Parfois appelée « méga-sécheresse », la période est marquée par un déficit historique des précipitations, de l’ordre de 30 % entre 2010 et 2019, selon un rapport du Centre de recherche pour le climat et la résilience – (CR) 2 – chilien. Cette décennie est également la plus chaude des cent dernières années.
Si le centre du pays est davantage affecté, les trois quarts du territoire sont concernés, d’après les calculs de Sud Austral Consulting, un cabinet de conseil chilien spécialisé dans les questions environnementales. La tendance ne s’inverse pas : 2021 a été la quatrième année la plus sèche depuis l’existence des relevés, selon la direction météorologique du Chili. Cet événement « n’a pas non plus d’antécédents ces mille dernières années, selon les reconstructions climatiques », précise (CR) 2.
« La région centrale surtout est caractérisée par des sécheresses successives, interrompues par des périodes de pluie », contextualise Hugo Romero, géographe à l’université du Chili. Cependant, « le changement climatique, avec l’augmentation des gaz à effet de serre, et la déforestation expliquent la baisse des précipitations », complète sa collègue Maria Christina Fragkou.
« Un bien marchand »
Plus de la moitié des communes du pays, où vivent près de la moitié des 19 millions de Chiliens, sont ainsi en situation de « pénurie hydrique », un décret qui permet aux autorités publiques d’intervenir notamment en matière d’extraction d’eau. A certains endroits, cela signifie que les robinets ne laissent plus couler une goutte et que les habitants ont pour obligation de s’approvisionner auprès de camions de distribution, tandis que les réserves s’amoindrissent, tant en quantité qu’en qualité.
« Le problème du pays est qu’il consacre l’eau comme un bien privé, dans sa Constitution.
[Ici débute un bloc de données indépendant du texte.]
lemma subsystem_inj_fs:
  assumes H: "fusion_system G T H"
  shows "subsystem H (inj_fs G)"
  unfolding subsystem_def
proof (intro allI subsetI)
  fix P Q \<phi> assume \<phi>: "\<phi> \<in> H P Q"
  have "subgrps G T \<subseteq> subgrps G (carrier G)"
    using H subgroup.subset unfolding fusion_system_def subgrps_def by fastforce
  then have "P \<in> subgrps G (carrier G)" "Q \<in> subgrps G (carrier G)"
    using fusion_system_subgrps[OF H \<phi>] by auto
  then show "\<phi> \<in> inj_fs G P Q" using fusion_system_InjHom[OF H \<phi>] unfolding inj_fs_def by simp
qed

lemma fusion_system_generated_fs:
  assumes G: "group G" and F1: "fusion_system G T1 F1" and F2: "fusion_system G T2 F2"
  shows "fusion_system G (carrier G) (generated_fs G F1 F2)"
proof -
  let ?F = "generated_fs G F1 F2"
  have F_inj_fs: "?F P Q \<subseteq> inj_fs G P Q" for P Q
  proof
    fix \<phi> assume "\<phi> \<in> ?F P Q"
    then show "\<phi> \<in> inj_fs G P Q"
      using fusion_system_inj_fs[OF G] subsystem_inj_fs[OF F1] subsystem_inj_fs[OF F2]
      unfolding mem_generated_fs by blast
  qed
  show ?thesis unfolding fusion_system_def
  proof (intro conjI allI impI)
    show "subgroup (carrier G) G" by (rule group.subgroup_self[OF G])
  next
    fix P Q assume PQ: "P \<in> subgrps G (carrier G) \<and> Q \<in> subgrps G (carrier G)"
    show "HomT G (carrier G) P Q \<subseteq> ?F P Q"
    proof
      fix \<phi> assume "\<phi> \<in> HomT G (carrier G) P Q"
      then show "\<phi> \<in> ?F P Q" using PQ unfolding mem_generated_fs fusion_system_def by blast
    qed
    show "?F P Q \<subseteq> InjHom G P Q" using F_inj_fs[of P Q] PQ unfolding inj_fs_def by simp
  next
    fix P Q :: "'a set" assume "\<not> (P \<in> subgrps G (carrier G) \<and> Q \<in> subgrps G (carrier G))"
    then show "?F P Q = {}" using F_inj_fs[of P Q] unfolding inj_fs_def by auto
  next
    fix P Q R \<phi> \<psi> assume "\<phi> \<in> ?F P Q" "\<psi> \<in> ?F Q R"
    then show "comp_on P \<psi> \<phi> \<in> ?F P R" unfolding mem_generated_fs using fusion_system_comp by blast
  next
    fix P Q \<phi> assume "\<phi> \<in> ?F P Q"
    then show "\<phi> \<in> ?F P (\<phi> ` P)" "restrict (inv_into P \<phi>) (\<phi> ` P) \<in> ?F (\<phi> ` P) P"
      unfolding mem_generated_fs using fusion_system_image by blast+
  qed
qed

section \<open>Representation classes\<close>

locale rep_classes =
  fixes G :: "('a, 'b) monoid_scheme" and F H :: "'a set \<Rightarrow> 'a set \<Rightarrow> ('a \<Rightarrow> 'a) set" and TH :: "'a set"
  assumes grp: "group G" and F_fs: "fusion_system G (carrier G) F" and H_fs: "fusion_system G TH H"
    and H_sub: "subsystem H F"
begin

abbreviation "cls P \<phi> \<equiv> rep_cls F H TH P \<phi>"
(* (Hyperdense coding and superadditivity in hypersphere theories.) Let $N\ge1$, $n=2^N-1$, and consider the bipartite hypersphere theory with joint state space $\Omega_{AB}$, effects $\mathcal E_{AB}$ and allowed local transformations the convex hull of $\{T_\mu\}$, as defined in the context. In the dense coding protocol where Alice and Bob share $\phi_{\mathbf 0}$, Alice encodes $x\in\{0,1\}^N$ by applying $T_x$ and Bob measures $\{E_y\}_{y\in\{0,1\}^N}$, one has $p(y|x)=\delta_{y,x}$. Consequently $$\chi_C(\Omega_{AB})\ge\chi_{DC}(\Omega_{AB})\ge N,$$ whereas $\chi_C(\Omega_A)=\chi_C(\Omega_B)=1$. In particular for $N\ge3$ the protocol is hyperdense ($\chi_{DC}>2\chi_C(\Omega_A)$) and the classical capacity is superadditive: $\chi_C(\Omega_{AB})>\chi_C(\Omega_A)+\chi_C(\Omega_B)$.
   Context: The $n$-dimensional hypersphere theory has state space $\Omega_n=\{(1,r)^{\mathrm t}: r\in\mathbb R^n,\ \lVert r\rVert\le1\}$, unit effect $u=(1,\mathbf 0)^{\mathrm t}$, effects $\mathcal E=\{e:0\le e\cdot\omega\le1\ \forall\omega\in\Omega_n\}$; here $\Omega_A=\Omega_B=\Omega_n$. Bipartite states are real $2^N\times2^N$ matrices, identified with $\mathbb R^{2^N}\otimes\mathbb R^{2^N}$ via $v\otimes w=vw^{\mathrm t}$, inner product $X\cdot Y=\mathrm{Tr}(X^{\mathrm t}Y)$; $\Omega_A\otimes_{\min}\Omega_B$ is the convex hull of product states. Coordinates of $\mathbb R^{2^N}$ are indexed by $\nu\in\{0,1\}^N$, with $\nu=\mathbf 0$ the first coordinate. For $\mu\in\{0,1\}^N$, $(d_\mu)_\nu=(-1)^{\mu\cdot\nu}$ ($\mu\cdot\nu$ = inner product mod 2); $\phi_\mu=\mathrm{diag}(d_\mu)$; $\Omega_{AB}=$ convex hull of $\Omega_A\otimes_{\min}\Omega_B\cup\{\phi_\mu\}$; $\mathcal E_{AB}=\{E:0\le E\cdot\phi\le1\ \forall\phi\in\Omega_{AB}\}$; $E_\mu=2^{-N}\phi_\mu$; $T_\mu=\phi_\mu$ acting on $A$ by $\phi\mapsto T_\mu\phi$. Classical capacity $\chi_C(\Omega)$ of a state space with effect set: supremum of $I(X:Y)$ over finite message distributions $p_x$, states $\omega_x\in\Omega$ and measurements (finite families of effects summing to the unit) with $p(y|x)=e_y\cdot\omega_x$. Dense coding protocol with initial state $\phi$: message distribution $p_x$, allowed local transformations $T_x$ on $A$, measurement $\{E_y\}\subset\mathcal E_{AB}$, $p(y|x)=E_y\cdot(T_x\phi)$; $\chi_{DC}(\Omega_{AB})$ is the supremum of $I(X:Y)$ over all such protocols and initial states. *)

theory Defs
  imports Complex_Main "HOL-Library.Extended_Real" "HOL-Library.Function_Algebras"
begin

(* Vectors of R^D are represented as functions nat => real vanishing outside {..<D};
   D x D real matrices as functions nat => nat => real vanishing outside {..<D} x {..<D}.
   Coordinate 0 is the first coordinate (nu = 0). An index nu < 2^N is identified with
   the bit string in {0,1}^N given by its binary digits. *)

definition vsp :: "nat \<Rightarrow> (nat \<Rightarrow> real) set" where
  "vsp D = {v. \<forall>i. D \<le> i \<longrightarrow> v i = 0}"

definition msp :: "nat \<Rightarrow> (nat \<Rightarrow> nat \<Rightarrow> real) set" where
  "msp D = {X. \<forall>i j. (D \<le> i \<or> D \<le> j) \<longrightarrow> X i j = 0}"

definition vinner :: "nat \<Rightarrow> (nat \<Rightarrow> real) \<Rightarrow> (nat \<Rightarrow> real) \<Rightarrow> real" where
  "vinner D v w = (\<Sum>i<D. v i * w i)"

definition minner :: "nat \<Rightarrow> (nat \<Rightarrow> nat \<Rightarrow> real) \<Rightarrow> (nat \<Rightarrow> nat \<Rightarrow> real) \<Rightarrow> real" where
  "minner D X Y = (\<Sum>i<D. \<Sum>j<D. X i j * Y i j)"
Au Chili, l’eau est un bien marchand », dénonce Estefania Gonzalez, coordinatrice des campagnes de Greenpeace Chili. « Les droits d’exploitation de l’eau sont très morcelés, entre des entreprises agricoles, bancaires ou encore d’investissements, c’est un frein à l’élaboration d’une politique générale de gestion de l’eau », remarque Maria Christina Fragkou. Une nouvelle loi fondamentale considérant l’eau comme un « bien commun » est en train d’être rédigée. Le texte final doit être approuvé par référendum, en septembre, afin de remplacer la version actuelle, héritée de la dictature (1973-1990). La nationalisation de l’eau est l’une des grandes demandes des organisations environnementales, qui a trouvé un fort écho lors du mouvement contre les inégalités de 2019.
« Il est étonnant que le plan de rationnement de l’eau de Santiago repose sur la consommation des habitants et qu’il n’intègre pas tous les secteurs. Ce n’est pas en baissant la consommation des personnes que la crise hydrique va se résoudre », estime Estefania Gonzalez. La consommation d’eau pour un usage non productif ne représente qu’entre 2 % et 6 % de la consommation totale, selon différents groupes d’experts, alors que le secteur agricole pèse pour près de 40 %. L’industrie minière, implantée dans le nord du pays, désertique, est également pointée du doigt en raison de ses besoins hydriques.
Selon les projections du ministère de l’environnement, l’horizon est sombre : dans le meilleur des cas, les précipitations devraient diminuer de 20 % dans le nord et le sud du Chili d’ici à 2050 et les températures augmenter sur l’ensemble du territoire, de 0,5 °C à 1,5 °C, d’ici à 2030.